• [INPUT RECORDS]:
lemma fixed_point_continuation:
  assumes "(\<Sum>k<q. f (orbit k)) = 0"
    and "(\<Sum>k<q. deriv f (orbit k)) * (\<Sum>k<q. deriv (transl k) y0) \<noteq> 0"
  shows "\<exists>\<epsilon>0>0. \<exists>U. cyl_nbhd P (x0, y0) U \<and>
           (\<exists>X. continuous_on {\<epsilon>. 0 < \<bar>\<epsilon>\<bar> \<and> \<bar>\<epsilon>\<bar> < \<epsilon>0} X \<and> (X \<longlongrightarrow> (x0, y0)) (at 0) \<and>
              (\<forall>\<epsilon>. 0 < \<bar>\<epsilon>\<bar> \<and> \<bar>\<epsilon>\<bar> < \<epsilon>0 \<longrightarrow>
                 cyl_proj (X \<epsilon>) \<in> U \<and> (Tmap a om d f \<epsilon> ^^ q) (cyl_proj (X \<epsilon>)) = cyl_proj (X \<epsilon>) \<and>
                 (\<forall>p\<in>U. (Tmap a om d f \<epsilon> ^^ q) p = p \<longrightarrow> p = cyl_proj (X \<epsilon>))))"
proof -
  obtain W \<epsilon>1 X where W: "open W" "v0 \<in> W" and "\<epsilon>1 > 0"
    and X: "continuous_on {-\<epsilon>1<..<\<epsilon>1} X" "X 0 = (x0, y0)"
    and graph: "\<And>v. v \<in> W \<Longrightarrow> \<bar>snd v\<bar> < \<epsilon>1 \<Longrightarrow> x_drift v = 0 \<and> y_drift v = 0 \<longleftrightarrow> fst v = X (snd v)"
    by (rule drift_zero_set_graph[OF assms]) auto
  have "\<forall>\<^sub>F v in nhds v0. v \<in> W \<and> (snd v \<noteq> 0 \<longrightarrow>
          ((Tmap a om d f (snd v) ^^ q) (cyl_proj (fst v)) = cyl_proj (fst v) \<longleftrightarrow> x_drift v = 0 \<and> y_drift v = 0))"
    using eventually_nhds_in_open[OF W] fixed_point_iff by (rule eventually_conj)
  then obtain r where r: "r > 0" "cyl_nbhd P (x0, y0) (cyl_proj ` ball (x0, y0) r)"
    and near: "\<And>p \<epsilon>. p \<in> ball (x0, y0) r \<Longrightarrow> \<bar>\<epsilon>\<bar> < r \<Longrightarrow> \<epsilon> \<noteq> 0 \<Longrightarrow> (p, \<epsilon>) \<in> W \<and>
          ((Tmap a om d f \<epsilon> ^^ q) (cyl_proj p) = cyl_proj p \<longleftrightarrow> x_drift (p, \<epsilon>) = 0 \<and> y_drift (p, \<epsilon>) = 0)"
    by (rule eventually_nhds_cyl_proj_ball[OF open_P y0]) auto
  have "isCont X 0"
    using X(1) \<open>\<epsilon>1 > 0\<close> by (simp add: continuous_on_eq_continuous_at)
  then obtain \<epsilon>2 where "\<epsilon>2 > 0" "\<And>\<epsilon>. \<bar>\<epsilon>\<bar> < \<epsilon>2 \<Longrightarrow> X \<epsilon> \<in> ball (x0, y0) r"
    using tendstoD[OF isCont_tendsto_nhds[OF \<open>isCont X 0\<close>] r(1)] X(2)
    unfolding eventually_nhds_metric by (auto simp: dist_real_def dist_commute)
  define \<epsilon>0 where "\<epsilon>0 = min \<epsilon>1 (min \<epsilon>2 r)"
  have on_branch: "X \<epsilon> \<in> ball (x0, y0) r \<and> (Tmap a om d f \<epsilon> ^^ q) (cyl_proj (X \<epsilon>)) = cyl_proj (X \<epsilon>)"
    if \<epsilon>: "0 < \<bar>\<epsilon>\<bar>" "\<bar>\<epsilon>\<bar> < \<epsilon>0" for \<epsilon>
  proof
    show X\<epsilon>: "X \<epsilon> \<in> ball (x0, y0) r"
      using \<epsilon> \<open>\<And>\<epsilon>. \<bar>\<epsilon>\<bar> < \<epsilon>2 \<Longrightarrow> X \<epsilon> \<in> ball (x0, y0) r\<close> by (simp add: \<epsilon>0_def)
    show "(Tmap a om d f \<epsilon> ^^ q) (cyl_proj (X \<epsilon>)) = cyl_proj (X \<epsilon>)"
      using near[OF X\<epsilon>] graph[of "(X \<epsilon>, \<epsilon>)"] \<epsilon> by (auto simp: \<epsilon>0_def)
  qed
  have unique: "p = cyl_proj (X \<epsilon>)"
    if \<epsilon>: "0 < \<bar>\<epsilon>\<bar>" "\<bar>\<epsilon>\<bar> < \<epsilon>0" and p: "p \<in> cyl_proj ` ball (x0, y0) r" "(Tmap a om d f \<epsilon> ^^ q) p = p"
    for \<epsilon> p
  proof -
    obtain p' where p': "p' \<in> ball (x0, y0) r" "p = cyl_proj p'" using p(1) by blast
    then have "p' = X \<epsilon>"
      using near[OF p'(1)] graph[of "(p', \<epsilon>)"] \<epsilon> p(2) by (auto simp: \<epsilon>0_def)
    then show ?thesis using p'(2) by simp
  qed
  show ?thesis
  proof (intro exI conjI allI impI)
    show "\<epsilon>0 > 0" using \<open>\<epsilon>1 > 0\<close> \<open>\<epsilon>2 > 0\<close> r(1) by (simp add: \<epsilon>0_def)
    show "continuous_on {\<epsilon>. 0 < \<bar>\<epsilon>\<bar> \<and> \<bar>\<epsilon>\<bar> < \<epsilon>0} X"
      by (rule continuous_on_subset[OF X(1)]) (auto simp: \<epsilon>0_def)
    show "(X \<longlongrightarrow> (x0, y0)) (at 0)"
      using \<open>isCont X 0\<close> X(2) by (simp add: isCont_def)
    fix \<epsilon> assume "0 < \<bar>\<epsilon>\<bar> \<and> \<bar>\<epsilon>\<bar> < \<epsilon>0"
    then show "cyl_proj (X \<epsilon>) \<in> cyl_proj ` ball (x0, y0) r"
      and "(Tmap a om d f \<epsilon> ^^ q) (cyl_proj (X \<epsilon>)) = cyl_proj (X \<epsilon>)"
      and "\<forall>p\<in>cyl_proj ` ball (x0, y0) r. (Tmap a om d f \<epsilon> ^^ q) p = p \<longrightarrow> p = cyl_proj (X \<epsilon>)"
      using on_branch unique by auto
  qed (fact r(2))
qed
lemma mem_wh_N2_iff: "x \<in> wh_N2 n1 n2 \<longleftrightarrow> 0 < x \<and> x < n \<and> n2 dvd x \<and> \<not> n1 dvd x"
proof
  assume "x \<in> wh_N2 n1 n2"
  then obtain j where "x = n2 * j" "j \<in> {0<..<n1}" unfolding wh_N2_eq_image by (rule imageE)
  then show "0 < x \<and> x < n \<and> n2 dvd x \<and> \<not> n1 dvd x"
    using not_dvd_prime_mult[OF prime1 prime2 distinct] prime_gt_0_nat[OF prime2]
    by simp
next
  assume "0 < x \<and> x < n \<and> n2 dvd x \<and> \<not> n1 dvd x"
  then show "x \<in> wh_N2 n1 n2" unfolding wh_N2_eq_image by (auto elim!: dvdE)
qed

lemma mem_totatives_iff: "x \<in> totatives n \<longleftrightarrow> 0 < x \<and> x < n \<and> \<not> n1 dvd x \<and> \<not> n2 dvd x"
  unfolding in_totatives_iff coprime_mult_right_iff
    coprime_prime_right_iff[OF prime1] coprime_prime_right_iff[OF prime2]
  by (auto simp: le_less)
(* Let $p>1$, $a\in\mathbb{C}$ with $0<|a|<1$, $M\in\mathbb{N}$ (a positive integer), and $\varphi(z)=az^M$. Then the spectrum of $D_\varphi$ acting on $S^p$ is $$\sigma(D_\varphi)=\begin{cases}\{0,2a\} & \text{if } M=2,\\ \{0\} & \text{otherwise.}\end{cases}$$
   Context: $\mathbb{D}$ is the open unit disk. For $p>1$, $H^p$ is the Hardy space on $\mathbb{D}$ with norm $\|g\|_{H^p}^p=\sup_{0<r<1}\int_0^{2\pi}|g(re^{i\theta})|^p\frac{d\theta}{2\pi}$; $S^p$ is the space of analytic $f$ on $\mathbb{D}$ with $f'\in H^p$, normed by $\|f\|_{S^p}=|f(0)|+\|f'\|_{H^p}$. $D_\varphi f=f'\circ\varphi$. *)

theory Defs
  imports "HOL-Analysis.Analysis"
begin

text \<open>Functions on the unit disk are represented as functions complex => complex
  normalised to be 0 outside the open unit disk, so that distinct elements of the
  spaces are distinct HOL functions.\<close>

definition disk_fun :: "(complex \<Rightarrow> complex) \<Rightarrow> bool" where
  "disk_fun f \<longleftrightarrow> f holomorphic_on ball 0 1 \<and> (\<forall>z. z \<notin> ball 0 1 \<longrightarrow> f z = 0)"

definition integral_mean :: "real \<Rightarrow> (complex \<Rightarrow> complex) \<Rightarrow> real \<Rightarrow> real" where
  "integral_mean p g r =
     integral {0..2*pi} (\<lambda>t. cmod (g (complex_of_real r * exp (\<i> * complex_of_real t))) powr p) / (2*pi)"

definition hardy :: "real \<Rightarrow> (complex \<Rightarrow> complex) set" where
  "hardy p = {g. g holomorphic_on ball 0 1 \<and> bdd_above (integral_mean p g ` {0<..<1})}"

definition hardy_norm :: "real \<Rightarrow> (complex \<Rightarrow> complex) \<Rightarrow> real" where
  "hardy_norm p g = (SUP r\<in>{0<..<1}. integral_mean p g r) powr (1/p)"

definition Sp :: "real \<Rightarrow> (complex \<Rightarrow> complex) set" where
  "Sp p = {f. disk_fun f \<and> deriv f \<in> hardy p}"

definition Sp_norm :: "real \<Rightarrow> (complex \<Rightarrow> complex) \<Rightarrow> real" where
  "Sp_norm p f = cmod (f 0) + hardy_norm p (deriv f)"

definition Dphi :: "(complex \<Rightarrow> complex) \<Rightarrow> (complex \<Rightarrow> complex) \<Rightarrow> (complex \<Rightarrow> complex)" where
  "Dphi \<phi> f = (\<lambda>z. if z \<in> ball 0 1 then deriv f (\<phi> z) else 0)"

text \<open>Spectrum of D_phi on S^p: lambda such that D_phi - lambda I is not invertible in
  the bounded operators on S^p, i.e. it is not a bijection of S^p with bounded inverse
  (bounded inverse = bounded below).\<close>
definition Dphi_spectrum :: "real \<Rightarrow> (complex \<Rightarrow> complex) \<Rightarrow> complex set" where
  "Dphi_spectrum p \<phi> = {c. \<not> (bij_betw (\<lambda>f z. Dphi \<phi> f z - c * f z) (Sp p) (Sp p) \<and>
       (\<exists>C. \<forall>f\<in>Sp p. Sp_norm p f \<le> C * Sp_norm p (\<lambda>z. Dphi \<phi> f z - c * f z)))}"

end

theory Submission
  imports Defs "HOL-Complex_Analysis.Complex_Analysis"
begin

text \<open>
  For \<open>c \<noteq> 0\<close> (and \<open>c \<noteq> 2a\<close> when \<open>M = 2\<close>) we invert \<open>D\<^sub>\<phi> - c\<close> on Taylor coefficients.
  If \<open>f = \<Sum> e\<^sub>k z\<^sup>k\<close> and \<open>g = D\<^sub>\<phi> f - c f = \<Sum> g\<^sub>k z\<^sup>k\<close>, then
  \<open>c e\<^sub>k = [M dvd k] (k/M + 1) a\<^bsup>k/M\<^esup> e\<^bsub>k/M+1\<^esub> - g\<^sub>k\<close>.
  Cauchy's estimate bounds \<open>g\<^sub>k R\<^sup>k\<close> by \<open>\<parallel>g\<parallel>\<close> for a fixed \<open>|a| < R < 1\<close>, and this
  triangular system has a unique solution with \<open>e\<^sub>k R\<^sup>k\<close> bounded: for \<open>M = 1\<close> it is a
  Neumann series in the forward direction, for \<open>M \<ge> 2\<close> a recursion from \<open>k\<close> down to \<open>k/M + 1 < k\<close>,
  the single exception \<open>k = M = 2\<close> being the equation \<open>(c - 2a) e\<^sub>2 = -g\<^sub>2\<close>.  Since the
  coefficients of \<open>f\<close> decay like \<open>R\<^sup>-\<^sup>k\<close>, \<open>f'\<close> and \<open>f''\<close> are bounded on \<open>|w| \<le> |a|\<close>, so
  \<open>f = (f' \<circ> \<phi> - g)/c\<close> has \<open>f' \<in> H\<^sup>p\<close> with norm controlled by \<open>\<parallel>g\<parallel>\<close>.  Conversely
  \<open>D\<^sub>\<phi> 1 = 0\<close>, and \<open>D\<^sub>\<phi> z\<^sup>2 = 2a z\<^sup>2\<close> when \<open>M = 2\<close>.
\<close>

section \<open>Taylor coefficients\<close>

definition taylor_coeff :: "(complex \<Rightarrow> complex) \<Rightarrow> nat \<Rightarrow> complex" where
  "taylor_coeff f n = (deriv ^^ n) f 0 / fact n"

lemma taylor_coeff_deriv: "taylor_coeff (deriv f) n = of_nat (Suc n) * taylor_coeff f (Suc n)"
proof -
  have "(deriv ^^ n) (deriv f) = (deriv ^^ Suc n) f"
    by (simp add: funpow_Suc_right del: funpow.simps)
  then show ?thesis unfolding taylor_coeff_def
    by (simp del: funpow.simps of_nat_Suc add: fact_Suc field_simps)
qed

• [TASK REQUIREMENTS]:
Only those lines of the entries above that run from the line containing "normalised to be" to the line containing "f \<longleftrightarrow> f", both included, should be transcribed exactly.

• [EXPECTED ANSWER]:
  normalised to be 0 outside the open unit disk, so that distinct elements of the
  spaces are distinct HOL functions.\<close>

definition disk_fun :: "(complex \<Rightarrow> complex) \<Rightarrow> bool" where
  "disk_fun f \<longleftrightarrow> f holomorphic_on ball 0 1 \<and> (\<forall>z. z \<notin> ball 0 1 \<longrightarrow> f z = 0)"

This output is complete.